## About this task
Among the entries below, please show each line that carries the word "shows".

## Record set
lemma abs_ratio_diff_le:
  fixes A g N D :: real
  assumes "0 \<le> g" "g \<le> A" "A - g \<le> N - D" "g \<le> D" "A \<le> N" "D \<le> N" "0 < D"
  shows "\<bar>A / N - g / D\<bar> \<le> N / D - 1"
proof -
  have N: "N > 0" using assms by linarith
  have "g / D - A / N \<le> A / D - A / N" using assms by (simp add: divide_right_mono)
  also have "\<dots> = A * (N - D) / (D * N)" using N assms by (simp add: field_simps)
  also have "\<dots> \<le> N * (N - D) / (D * N)"
    using assms N by (intro divide_right_mono mult_right_mono) auto
  also have "\<dots> = (N - D) / D" using N by simp
  finally have below: "g / D - A / N \<le> (N - D) / D" .
  have "A / N - g / D \<le> (A - g) / N" using assms N by (simp add: frac_le diff_divide_distrib)
  also have "\<dots> \<le> (N - D) / N" using assms N by (simp add: divide_right_mono)
  also have "\<dots> \<le> (N - D) / D" using assms by (intro divide_left_mono) auto
  finally have above: "A / N - g / D \<le> (N - D) / D" .
  have "(N - D) / D = N / D - 1" using assms by (simp add: field_simps)
  then show ?thesis using below above by linarith
qed

text \<open>
  Of the n^a lists of length a over [n], exactly the product of the n_(s_i) have colour
  sequence s; only the few lists with a repeated vertex are not oriented edges.
\<close>
lemma color_density_close:
  assumes "a \<le> n" and s: "length s = a"
  shows "\<bar>(\<Prod>i<a. real (color_count n C (s ! i)) / real n)
          - real (card {e\<in>oriented_edges a n. map C e = s}) / real (card (oriented_edges a n))\<bar>
         \<le> real n ^ a / real (card (oriented_edges a n)) - 1"
proof -
  define V where "V = oriented_edges a n"
  define G where "G = {e\<in>V. map C e = s}"
  define A where "A = {e. set e \<subseteq> {1..n} \<and> map C e = s}"
  define L where "L = {e. set e \<subseteq> {1..n} \<and> length e = a}"
  have fL: "finite L" unfolding L_def by (simp add: finite_lists_length_eq)
  have card_L: "card L = n ^ a" unfolding L_def by (simp add: card_lists_length_eq)
  have AL: "A \<subseteq> L" unfolding A_def L_def using s by auto
  have VL: "V \<subseteq> L" unfolding V_def L_def oriented_edges_def by auto
  have GA: "G \<subseteq> A" unfolding G_def A_def V_def oriented_edges_def by auto
  have GV: "G \<subseteq> V" unfolding G_def by auto
  have AGLV: "A - G \<subseteq> L - V" unfolding A_def G_def L_def V_def oriented_edges_def using s by auto
  have fA: "finite A" using AL fL by (rule finite_subset)
  have fV: "finite V" using VL fL by (rule finite_subset)
  have fG: "finite G" using GV fV by (rule finite_subset)
  have card_A: "card A = (\<Prod>i<a. color_count n C (s ! i))"
    unfolding A_def color_count_def using card_lists_with_colors[of "{1..n}" C s] s by simp
  have V0: "card V > 0" using fV oriented_edges_nonempty[OF assms(1)] by (simp add: V_def card_gt_0_iff)
  have le: "card G \<le> card A" "card G \<le> card V" "card A \<le> card L" "card V \<le> card L"
    using card_mono[OF fA GA] card_mono[OF fV GV] card_mono[OF fL AL] card_mono[OF fL VL] by auto
  have "card (A - G) \<le> card (L - V)" using fL AGLV by (intro card_mono) auto
  then have "real (card A) - real (card G) \<le> real (card L) - real (card V)"
    using card_Diff_subset[OF fG GA] card_Diff_subset[OF fV VL] le by (simp add: of_nat_diff)
  moreover have "(\<Prod>i<a. real (color_count n C (s ! i)) / real n) = real (card A) / real (card L)"
    unfolding card_A card_L by (simp add: prod_dividef)
  ultimately show ?thesis
    using abs_ratio_diff_le[of "real (card G)" "real (card A)" "real (card L)" "real (card V)"] le V0
    unfolding G_def V_def card_L by simp
qed

section \<open>The union bound\<close>

lemma card_deviating_hypergraphs_le:
  fixes C :: "nat \<Rightarrow> nat" and s :: "nat list"
  assumes "a \<le> n" and \<delta>: "0 < \<delta>" "\<delta> \<le> 1"
  defines "q \<equiv> real (card {e\<in>oriented_edges a n. map C e = s}) / real (card (oriented_edges a n))"
  shows "real (card {H \<in> oriented_hypergraphs a n m.
            \<delta> * m < \<bar>real (edges_with_colors H C s) - q * m\<bar>})
         \<le> 2 * exp (- (\<delta>\<^sup>2 / 8) * m) * card (oriented_hypergraphs a n m)"
proof -
  define V where "V = oriented_edges a n"
  define G where "G = {e\<in>V. map C e = s}"
  define F where "F = transversals V set m"
  define Hi where "Hi X = {H\<in>F. real (card (H \<inter> X)) \<ge> (card X / card V + \<delta>) * m}" for X
  have fV: "finite V" unfolding V_def by (rule finite_oriented_edges)
  have GV: "G \<subseteq> V" unfolding G_def by auto
  have fG: "finite G" using GV fV finite_subset by blast
  have V0: "card V > 0" using fV oriented_edges_nonempty[OF assms(1)] by (simp add: V_def card_gt_0_iff)
  have q_G: "q = real (card G) / real (card V)" unfolding q_def G_def V_def ..
  have card_VG: "real (card (V - G)) / real (card V) = 1 - q"
    using card_Diff_subset[OF fG GV] card_mono[OF fV GV] V0 unfolding q_G
    by (simp add: of_nat_diff field_simps)
  have sub: "{H \<in> oriented_hypergraphs a n m. \<delta> * m < \<bar>real (edges_with_colors H C s) - q * m\<bar>}
        \<subseteq> Hi G \<union> Hi (V - G)"
  proof
    fix H assume "H \<in> {H \<in> oriented_hypergraphs a n m. \<delta> * m < \<bar>real (edges_with_colors H C s) - q * m\<bar>}"
    then have HF: "H \<in> F" and dev: "\<delta> * m < \<bar>real (edges_with_colors H C s) - q * m\<bar>"
      unfolding oriented_hypergraphs_eq_transversals F_def V_def by auto
    have HV: "H \<subseteq> V" and card_H: "card H = m" using HF unfolding F_def transversals_def by auto
    have fH: "finite H" using HV fV finite_subset by blast
    have hits: "edges_with_colors H C s = card (H \<inter> G)"
      unfolding edges_with_colors_def G_def using HV by (intro arg_cong[where f=card]) auto
    have "H \<inter> (V - G) = H - (H \<inter> G)" using HV by auto
    then have misses: "card (H \<inter> (V - G)) = m - card (H \<inter> G)"
      using card_Diff_subset[of "H \<inter> G" H] fH card_H by auto
    have le: "card (H \<inter> G) \<le> m" using card_H fH by (metis Int_lower1 card_mono)
    show "H \<in> Hi G \<union> Hi (V - G)"
    proof (cases "q * m \<le> card (H \<inter> G)")
      case True
      then have "(q + \<delta>) * m \<le> card (H \<inter> G)" using dev unfolding hits by (simp add: algebra_simps)
      then show ?thesis using HF unfolding Hi_def q_G by auto
    next
      case False
      then have "(1 - q + \<delta>) * m \<le> real m - card (H \<inter> G)"
        using dev unfolding hits by (simp add: algebra_simps)
      then have "(card (V - G) / card V + \<delta>) * m \<le> card (H \<inter> (V - G))"
        unfolding misses card_VG using le by (simp add: of_nat_diff)
      then show ?thesis using HF unfolding Hi_def by auto
    qed
  qed
  have fibre: "\<forall>x\<in>set ` V. card {e\<in>V. set e = x} = fact a"
    unfolding V_def using card_oriented_edges_fibre by blast
  have tail: "real (card (Hi X)) \<le> exp (- (\<delta>\<^sup>2 / 8) * m) * card F" if "X \<subseteq> V" for X
    unfolding Hi_def F_def by (rule card_transversals_upper_tail[OF fV that fibre \<delta>])
  have "finite (Hi X)" for X
    unfolding Hi_def F_def using finite_transversals[OF fV] by (rule finite_subset[rotated]) auto
  then have "card {H \<in> oriented_hypergraphs a n m. \<delta> * m < \<bar>real (edges_with_colors H C s) - q * m\<bar>}
        \<le> card (Hi G \<union> Hi (V - G))"
    using sub by (intro card_mono) auto
  also have "\<dots> \<le> card (Hi G) + card (Hi (V - G))" by (rule card_Un_le)
  finally have "real (card {H \<in> oriented_hypergraphs a n m.
      \<delta> * m < \<bar>real (edges_with_colors H C s) - q * m\<bar>}) \<le> real (card (Hi G)) + real (card (Hi (V - G)))"
    by (simp only: of_nat_add[symmetric] of_nat_le_iff)
  also have "\<dots> \<le> exp (- (\<delta>\<^sup>2 / 8) * m) * card F + exp (- (\<delta>\<^sup>2 / 8) * m) * card F"
    using GV by (intro add_mono tail) auto
  finally show ?thesis unfolding F_def V_def oriented_hypergraphs_eq_transversals by (simp add: mult_ac)
qed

## Answer for the task
  shows "\<bar>A / N - g / D\<bar> \<le> N / D - 1"
  shows "\<bar>(\<Prod>i<a. real (color_count n C (s ! i)) / real n)
  shows "real (card {H \<in> oriented_hypergraphs a n m.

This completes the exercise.